Respiratory syncytial virus (RSV) is a common respiratory virus that infects the respiratory tract and causes cold-like symptoms. As a matter of fact, it is so common that many children will catch it before their second birthday.
Who is at risk of RSV infection?
RSV enters the body through the eyes, nose or mouth. It can spread easily through the air when someone with RSV coughs or sneezes nearby, or by touching infected people or contaminated surfaces. Now, you may be wondering if such a contagious virus poses a risk to your baby. For most of us, RSV causes nothing more than a cold that lasts less than a week, but it can be dangerous for some infants and young babies. Those at greatest risk of severe RSV infection include:
- Premature infants
- Infants who are 6 months and younger
- Babies with weakened immune systems
- Babies with congenital heart or chronic lung diseases
How do I know if my baby has RSV?
Symptoms of RSV infection generally begin to appear 4 – 6 days after exposure to the virus and vary depending on the disease severity and age group. It is important to note that while the initial symptoms may appear mild at the onset, the disease can become severe 3 – 5 days into the course of the illness. Early symptoms of RSV include:
- Runny nose
- Low-grade fever
- Sore throat
- Decrease in appetite
In severe cases, the virus can spread to the lower respiratory tract, causing RSV bronchiolitis (inflammation of the small airways in the lungs) or RSV pneumonia (infection of the lungs). Signs and symptoms may include:
- Severe cough
- Cyanosis (bluish colour of the skin and lips)

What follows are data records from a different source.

(* Let $\mathbb X=\langle\omega_1,\rho\rangle$ and $\mathbb Y=\langle\omega_1,\sigma\rangle$, where $\rho$ is the equivalence relation with classes $2=\{0,1\}$, $\omega\setminus2$, and $\{\alpha\}$ for $\omega\le\alpha<\omega_1$; and $\sigma$ is the equivalence relation with classes $\{n\}$ for $n\in\omega$ and $\omega_1\setminus\omega$. Then $\mathbb X\equiv_{\mathcal P_{\infty\omega}}\mathbb Y$, $\mathbb X\not\equiv\mathbb Y$, and $\mathbb X\not\sim_c\mathbb Y$.
   Context: The language has one binary relation symbol $R$. A condensation from $\langle X,\rho\rangle$ onto $\langle Y,\sigma\rangle$ is a bijection $F:X\to Y$ with $x\,\rho\,x'\Rightarrow F(x)\,\sigma\,F(x')$; $\mathbb X\sim_c\mathbb Y$ means condensations exist in both directions. $\equiv$ is first order elementary equivalence. $\mathcal P_0$ consists of all atomic formulas ($v_\alpha=v_\beta$, $R(v_\alpha,v_\beta)$) and all $\neg\,v_\alpha=v_\beta$; $\mathcal P_{\infty\omega}$ is the closure of $\mathcal P_0$ under $\forall v$, $\exists v$ and conjunctions and disjunctions of arbitrary sets of formulas (no negation); $\equiv_{\mathcal P_{\infty\omega}}$ means satisfying the same $\mathcal P_{\infty\omega}$-sentences. *)

theory Defs
  imports Main
begin

text \<open>A structure for the language with one binary relation symbol R is a pair
  (A, r) with carrier A and interpretation r (only its values on A matter).\<close>

definition condensation ::
  "'a set \<Rightarrow> ('a \<Rightarrow> 'a \<Rightarrow> bool) \<Rightarrow> 'b set \<Rightarrow> ('b \<Rightarrow> 'b \<Rightarrow> bool) \<Rightarrow> ('a \<Rightarrow> 'b) \<Rightarrow> bool" where
  "condensation A r B s F \<longleftrightarrow>
     bij_betw F A B \<and> (\<forall>x\<in>A. \<forall>x'\<in>A. r x x' \<longrightarrow> s (F x) (F x'))"

definition condensable :: "'a set \<Rightarrow> ('a \<Rightarrow> 'a \<Rightarrow> bool) \<Rightarrow> 'b set \<Rightarrow> ('b \<Rightarrow> 'b \<Rightarrow> bool) \<Rightarrow> bool" where
  "condensable A r B s \<longleftrightarrow> (\<exists>F. condensation A r B s F)"

definition bicondensable :: "'a set \<Rightarrow> ('a \<Rightarrow> 'a \<Rightarrow> bool) \<Rightarrow> 'b set \<Rightarrow> ('b \<Rightarrow> 'b \<Rightarrow> bool) \<Rightarrow> bool" where
  "bicondensable A r B s \<longleftrightarrow> condensable A r B s \<and> condensable B s A r"

datatype fo = FEq nat nat | FRel nat nat | FNot fo | FAnd fo fo | FEx nat fo

primrec fo_fv :: "fo \<Rightarrow> nat set" where
  "fo_fv (FEq i j) = {i, j}"
| "fo_fv (FRel i j) = {i, j}"
| "fo_fv (FNot p) = fo_fv p"
| "fo_fv (FAnd p q) = fo_fv p \<union> fo_fv q"
| "fo_fv (FEx i p) = fo_fv p - {i}"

- Severe decrease in appetite, with decreased urine output/dry diapers
Infants are most severely affected if infected by RSV. In young infants less than 6 months old, some severe cases may also develop apnoeic episodes – periods during which the baby abnormally stops breathing.
When should I take my baby to the A&E?
RSV infections typically go away in a week or two, but during this time if you notice your baby having a blue tint to their lips or fingernails, refusing milk feeds persistently, appearing lethargic, or breathing rapidly, please seek urgent medical attention and go to the A&E immediately.
How is RSV diagnosed?
To diagnose RSV, your baby’s paediatrician will first take a medical history and perform a medical examination, including listening to your baby’s lungs. If necessary, and depending on your baby’s condition, the paediatrician may perform some additional tests, such as:
- Blood tests
- Chest X-ray
- A nose or throat swab
What is the treatment for RSV?
There is no specific medication that treats the virus itself. Management of RSV generally involves supportive and symptomatic care of the baby at home in mild cases:
- Use a bulb syringe to gently clear thick secretions from your baby’s nose.
- Give your baby small amounts of fluids throughout the day to keep him/her well-hydrated.
- Use paracetamol (or ibuprofen as required) to help bring down the fever so your child is more comfortable.
For severe cases where your baby requires hospitalisation, the treatment may include:
- Supplemental humidified oxygen
- Intravenous fluids
- Airway suctioning
- Ventilatory support (e.g. positive pressure ventilation or intubation)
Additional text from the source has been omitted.